People who have never struggled with addiction may not understand why addicts simply cannot stop using. Addiction, by nature, means that the substance abuse is out of the addict’s control. Not only are they unable to stop using, but it could also be dangerous and even life-threatening for addicts to wholly and suddenly cease use of all substances.
Quitting “cold turkey” means to abruptly and totally stop using an addictive substance. But quitting cold turkey is not a long-term solution as it does not treat the cause of addiction and may even be dangerous for the health of an addict.
Addiction is a chronic disease, meaning addicts will need ongoing treatment for the rest of their lives in the form of therapy, group sessions, medication, or rehabilitation. Quitting cold turkey is not an effective treatment. Effective treatment involves detoxification (ridding the body of toxic substances), addiction treatment (therapy and a relapse prevention plan), and aftercare (halfway house, outpatient treatment, therapy, Alcoholics Anonymous or Narcotics Anonymous meetings, job, and housing support, volunteer work).
Dependence and withdrawal
As an addict continues use of any substance, their bodies will first develop a tolerance for the substance. The addict will then need to use more and more of the substance to achieve the desired results. Eventually, the addiction centers not on achieving a high, but of avoiding physical and psychological discomfort. This state is known as dependence.
Once an addict is dependent on a substance and tries to quit cold turkey, the brain and body have gotten dependent on the substance to function. Taking away that substance has a variety of unpleasant consequences, known as withdrawal.
Withdrawal symptoms will vary from person to person and are affected by the type of drug, amount, and duration of abuse.
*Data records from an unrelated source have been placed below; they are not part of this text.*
text \<open>
  Write \<open>N = n\<^sub>1 m\<^sub>1 + r\<^sub>1 = n\<^sub>2 m\<^sub>2 + r\<^sub>2\<close>. Then \<open>(r\<^sub>1 - r\<^sub>2)/m\<close> is the integer
  \<open>q\<^sub>2\<^sub>1 = n\<^sub>2\<Gamma>\<^sub>2 - n\<^sub>1\<Gamma>\<^sub>1\<close>, and the value \<open>(r\<^sub>1' - r\<^sub>2')/m\<close> computed from the erroneous
  remainders \<open>r\<^sub>i'\<close> lies within \<open>2\<tau>/m < \<sigma>\<^sub>j/2\<close> of it. If \<open>q\<^sub>2\<^sub>1 \<ge> 0\<close> it equals \<open>|n\<^sub>2\<Gamma>\<^sub>2|\<^sub>\<Gamma>\<^sub>1\<close>, an element of \<open>S\<^sub>2\<close>, whose points are
  \<open>\<sigma>\<^sub>j\<close>-separated; so the only point of \<open>S\<^sub>2\<close> in the window is \<open>q\<^sub>2\<^sub>1\<close> itself, and
  multiplying by the inverse of \<open>\<Gamma>\<^sub>2\<close> modulo \<open>\<Gamma>\<^sub>1\<close> recovers \<open>n\<^sub>2 < \<Gamma>\<^sub>1\<close>. Then
  \<open>n\<^sub>2m\<^sub>2 + r\<^sub>2' - r\<^sub>1' = n\<^sub>1m\<^sub>1 + (\<Delta>r\<^sub>2 - \<Delta>r\<^sub>1)\<close> with an error below \<open>m\<^sub>1/2\<close>, so rounding
  gives \<open>n\<^sub>1\<close>. The case \<open>q\<^sub>2\<^sub>1 < 0\<close> is symmetric, and \<open>q\<^sub>2\<^sub>1 = 0\<close> forces
  \<open>\<Gamma>\<^sub>1 | n\<^sub>2 < \<Gamma>\<^sub>1\<close>, i.e. \<open>n\<^sub>1 = n\<^sub>2 = 0\<close>.
\<close>

lemma modinv_cong:
  fixes a b :: int
  assumes "coprime a b" "1 < b"
  shows "[a * modinv a b = 1] (mod b)"
proof -
  let ?P = "\<lambda>y. 0 \<le> y \<and> y < b \<and> [a * y = 1] (mod b)"
  obtain x where x: "[a * x = 1] (mod b)"
    using cong_solve_coprime_int[OF assms(1)] by blast
  have "?P (x mod b)"
    using x assms(2) by (auto simp: cong_def mod_mult_right_eq)
  moreover have "y = z" if "?P y" "?P z" for y z
  proof -
    have "[a * y = a * z] (mod b)" using that by (meson cong_sym cong_trans)
    then have "[y = z] (mod b)" using cong_mult_lcancel assms(1) by blast
    then show ?thesis using that cong_less_imp_eq_int by blast
  qed
  ultimately have "\<exists>!y. ?P y" by blast
  then have "?P (modinv a b)"
    unfolding modinv_def by (rule theI')
  then show ?thesis by blast
qed

lemma modinv_recovers:
  fixes a b x n :: int
  assumes "coprime a b" "1 < b" "[x = n * a] (mod b)" "0 \<le> n" "n < b"
  shows "(x * modinv a b) mod b = n"
proof -
  have "[x * modinv a b = n * (a * modinv a b)] (mod b)"
    using assms(3) by (metis cong_scalar_right mult.assoc)
  also have "[n * (a * modinv a b) = n * 1] (mod b)"
    using modinv_cong[OF assms(1,2)] by (rule cong_scalar_left)
  finally show ?thesis
    using assms(4,5) by (simp add: cong_def)
qed

lemma Sset_eq_image: "Sset a b n = (\<lambda>t. (t * a) mod b) ` {0..n}"
  unfolding Sset_def by auto

lemma finite_Sset: "finite (Sset a b n)"
  unfolding Sset_eq_image by simp

lemma mult_mod_in_Sset: "0 \<le> t \<Longrightarrow> t \<le> n \<Longrightarrow> (t * a) mod b \<in> Sset a b n"
  unfolding Sset_def by auto

lemma zero_in_Sset: "0 \<le> n \<Longrightarrow> 0 \<in> Sset a b n"
  using mult_mod_in_Sset[of 0 n a b] by simp

lemma Sset_1: "Sset a b 1 = {0, a mod b}"
proof -
  have "{0..(1::int)} = {0, 1}" by auto
  then show ?thesis unfolding Sset_eq_image by simp
qed

lemma mindist_le:
  assumes "finite A" "x \<in> A" "y \<in> A" "x \<noteq> y"
  shows "mindist A \<le> \<bar>x - y\<bar>"
proof -
  have "{\<bar>x - y\<bar> | x y. x \<in> A \<and> y \<in> A \<and> x \<noteq> y} \<subseteq> (\<lambda>(x, y). \<bar>x - y\<bar>) ` (A \<times> A)"
    by auto
  then have "finite {\<bar>x - y\<bar> | x y. x \<in> A \<and> y \<in> A \<and> x \<noteq> y}"
    using assms(1) finite_subset by blast
  then show ?thesis
    unfolding mindist_def using assms by (intro Min_le) auto
qed

lemma mindist_pair: "0 < c \<Longrightarrow> mindist {0, c} = (c :: int)"
proof -
  assume "0 < c"
  then have "c \<in> {\<bar>x - y\<bar> | x y. x \<in> {0, c} \<and> y \<in> {0, c} \<and> x \<noteq> y}"
  proof (intro CollectI exI conjI)
    show "c = \<bar>c - 0\<bar>" using \<open>0 < c\<close> by simp
  qed (use \<open>0 < c\<close> in simp_all)
  then have "{\<bar>x - y\<bar> | x y. x \<in> {0, c} \<and> y \<in> {0, c} \<and> x \<noteq> y} = {c}"
    using \<open>0 < c\<close> by auto
  then show ?thesis unfolding mindist_def by simp
qed

lemma mindist_unique_near:
  fixes q :: real
  assumes "finite A" "s \<le> mindist A" "x \<in> A" "y \<in> A"
    and "\<bar>q - of_int x\<bar> < of_int s / 2" "\<bar>q - of_int y\<bar> \<le> of_int s / 2"
  shows "y = x"
proof (rule ccontr)
  assume "y \<noteq> x"
  then have "s \<le> \<bar>y - x\<bar>" using mindist_le[OF assms(1,4,3)] assms(2) by linarith
  then have "of_int s \<le> \<bar>of_int y - (of_int x :: real)\<bar>" by linarith
  with assms(5,6) show False by linarith
qed

lemma nddot_spec:
  fixes a b s :: int
  assumes "1 < b" "0 < a mod b" "s \<le> a mod b"
  shows "1 \<le> nddot a b s \<and> nddot a b s < b \<and> s \<le> mindist (Sset a b (nddot a b s))"
proof -
  let ?T = "{n. 1 \<le> n \<and> n < b \<and> mindist (Sset a b n) \<ge> s}"
  have "finite ?T" by (rule finite_subset[of _ "{1..<b}"]) auto
  moreover have "1 \<in> ?T" using assms by (simp add: Sset_1 mindist_pair)
  ultimately have "Max ?T \<in> ?T" by (intro Max_in) auto
  then show ?thesis unfolding nddot_def by simp
qed

lemma mod_le_bound:
  fixes a b c :: int
  assumes "0 \<le> a" "a \<le> c" "0 \<le> b" "b \<le> c"
  shows "0 \<le> a mod b \<and> a mod b \<le> c"
proof (cases "b = 0")
  case False
  then have "0 \<le> a mod b" "a mod b < b" using assms(3) by simp_all
  then show ?thesis using assms(4) by linarith
qed (use assms in simp)

lemma sigma_le_first_remainder:
  fixes G1 G2 :: int
  assumes "coprime G1 G2" "1 < G1" "1 \<le> j"
  shows "sigma G1 G2 j \<le> G2 mod G1"
proof -
  let ?c = "G2 mod G1"
  \<comment> \<open>Without coprimality \<open>?c\<close> could be \<open>0\<close>, and then \<open>\<sigma>\<^sub>2 = \<Gamma>\<^sub>1 mod 0 = \<Gamma>\<^sub>1\<close>.\<close>
  have "?c \<noteq> 0"
  proof
    assume "?c = 0"
    then have "is_unit G1"
      using assms(1) by (metis coprime_common_divisor dvd_eq_mod_eq_0 dvd_refl)
    then show False using assms(2) by simp
  qed
  moreover have "0 \<le> ?c" using assms(2) by simp
  ultimately have c_pos: "0 < ?c" by simp
  have "0 \<le> esq G1 G2 (Suc (Suc i)) \<and> esq G1 G2 (Suc (Suc i)) \<le> ?c \<and>
        0 \<le> esq G1 G2 (Suc (Suc (Suc i))) \<and> esq G1 G2 (Suc (Suc (Suc i))) \<le> ?c" for i
  proof (induction i)
    case 0
    show ?case using c_pos by (simp add: order_less_imp_le)
  next
    case (Suc i)
    have "esq G1 G2 (Suc (Suc (Suc (Suc i)))) = esq G1 G2 (Suc (Suc i)) mod esq G1 G2 (Suc (Suc (Suc i)))"
      by (rule esq.simps(3))
    then show ?case using Suc.IH mod_le_bound[of "esq G1 G2 (Suc (Suc i))" ?c "esq G1 G2 (Suc (Suc (Suc i)))"]
      by (simp only:)
  qed
  moreover have "Suc j = Suc (Suc (j - 1))" using assms(3) by simp
  ultimately show ?thesis unfolding sigma_def by metis
qed

lemma rnd_recovers_quotient:
  fixes M n e :: int
  assumes "0 < M" "2 * \<bar>e\<bar> < M"
  shows "rnd (of_int (n * M + e) / of_int M) = n"
proof -
  have quotient: "of_int (n * M + e) / of_int M = of_int n + of_int e / (of_int M :: real)"
    using assms(1) by (simp add: field_simps)
  have "\<bar>of_int e / (of_int M :: real)\<bar> < 1 / 2"
    using assms by (simp add: abs_divide divide_less_eq)
  then have "- 1 / 2 < of_int e / (of_int M :: real)" "of_int e / (of_int M :: real) < 1 / 2"
    by linarith+
  then show ?thesis
    unfolding rnd_def quotient by (intro floor_unique) linarith+
qed

lemma div_bounds_of_less_mult:
  fixes N M d :: int
  assumes "0 \<le> N" "0 < M" "N < M * (1 + d)"
  shows "0 \<le> N div M \<and> N div M \<le> d"
proof -
  have "N div M * M \<le> N" using assms(2) by (metis div_mult_mod_eq le_add_same_cancel1 pos_mod_sign)
  also have "N < (1 + d) * M" using assms(3) by (simp add: algebra_simps)
  finally show ?thesis using assms(1,2) by (simp add: mult_less_cancel_right pos_imp_zdiv_nonneg_iff)
qed

locale erroneous_remainders =
  fixes m G1 G2 :: int and j :: nat and \<tau> :: real and N rt1 rt2 :: int
  assumes m_pos: "1 \<le> m"
    and coprime: "coprime G1 G2" and G1_gt_1: "1 < G1" and G1_lt_G2: "G1 < G2"
    and j_pos: "1 \<le> j"
    and \<tau>_bound: "\<tau> < real_of_int m * real_of_int (sigma G1 G2 j) / 4"
    and N_nonneg: "0 \<le> N"
    and N_bound: "N < min (m * G2 * (1 + nddot G2 G1 (sigma G1 G2 j)))
                          (m * G1 * (1 + nddot G1 G2 (sigma G1 G2 j)))"
    and error1: "\<bar>real_of_int (rt1 - N mod (m * G1))\<bar> \<le> \<tau>"
    and error2: "\<bar>real_of_int (rt2 - N mod (m * G2))\<bar> \<le> \<tau>"
begin

abbreviation "sj \<equiv> sigma G1 G2 j"
abbreviation "n1 \<equiv> N div (m * G1)"
abbreviation "n2 \<equiv> N div (m * G2)"
abbreviation "S1 \<equiv> Sset G1 G2 (nddot G1 G2 sj)"
abbreviation "S2 \<equiv> Sset G2 G1 (nddot G2 G1 sj)"

text \<open>\<open>q21\<close> is the exact value \<open>(r\<^sub>1 - r\<^sub>2)/m\<close>; \<open>q21_tilde\<close> is the algorithm's \<open>\<bold>q\<^sub>2\<^sub>1\<close>.\<close>

abbreviation "q21 \<equiv> n2 * G2 - n1 * G1"
abbreviation "q21_tilde \<equiv> real_of_int (rt1 - rt2) / real_of_int m"

lemma sj_pos: "0 < sj"
proof -
  have "0 \<le> \<tau>" using error1 by linarith
  then have "0 < real_of_int m * real_of_int sj" using \<tau>_bound by linarith
  then show ?thesis using m_pos by (simp add: zero_less_mult_iff)
qed

lemma sj_le_G2_mod_G1: "sj \<le> G2 mod G1"
  using sigma_le_first_remainder[OF coprime G1_gt_1 j_pos] .

lemma sj_lt_G1: "sj < G1"
  using sj_le_G2_mod_G1 G1_gt_1 pos_mod_bound[of G1 G2] by linarith

lemma nddot2_spec: "1 \<le> nddot G2 G1 sj \<and> nddot G2 G1 sj < G1 \<and> sj \<le> mindist S2"
  using nddot_spec[OF G1_gt_1 _ sj_le_G2_mod_G1] sj_pos sj_le_G2_mod_G1 by linarith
Withdrawal symptoms may include: abnormal heart rate, dehydration, vomiting, diarrhea, nausea, seizures, auditory or visual hallucinations, paranoia, irritability, confusion, fever, high blood pressure, sweating, shivering, hot or cold flashes, anxiety, depression, cravings, sleeping too much or trouble sleeping, fatigue, inability to concentrate, stomach pain, headache, digestive problems, and bone and muscle pain.
Withdrawal can be fatal
Severe withdrawal symptoms, such as seizure, confusion, or hallucinations, must be taken seriously. If you suspect someone is experiencing severe withdrawal, seek emergency medical attention right away. The effects of withdrawal can be life-threatening if left untreated.
Physical symptoms of withdrawal are very painful and difficult. Having access to full-time care and assistance at a rehabilitation facility can make withdrawal easier and keep addicts sober at a time when they are very vulnerable to relapse. The psychological effects of withdrawal, such as depression and anxiety can cause suicidal ideation and actions.
Medical detox is the best and safest way to wean off of substances, rather than attempting to quit cold turkey. Some addictions, such as opiate addictions, can even be treated with prescription medication to make withdrawal easier. Treatment at a rehabilitation center is the best way to ensure full-time physical and emotional support when quitting any substance.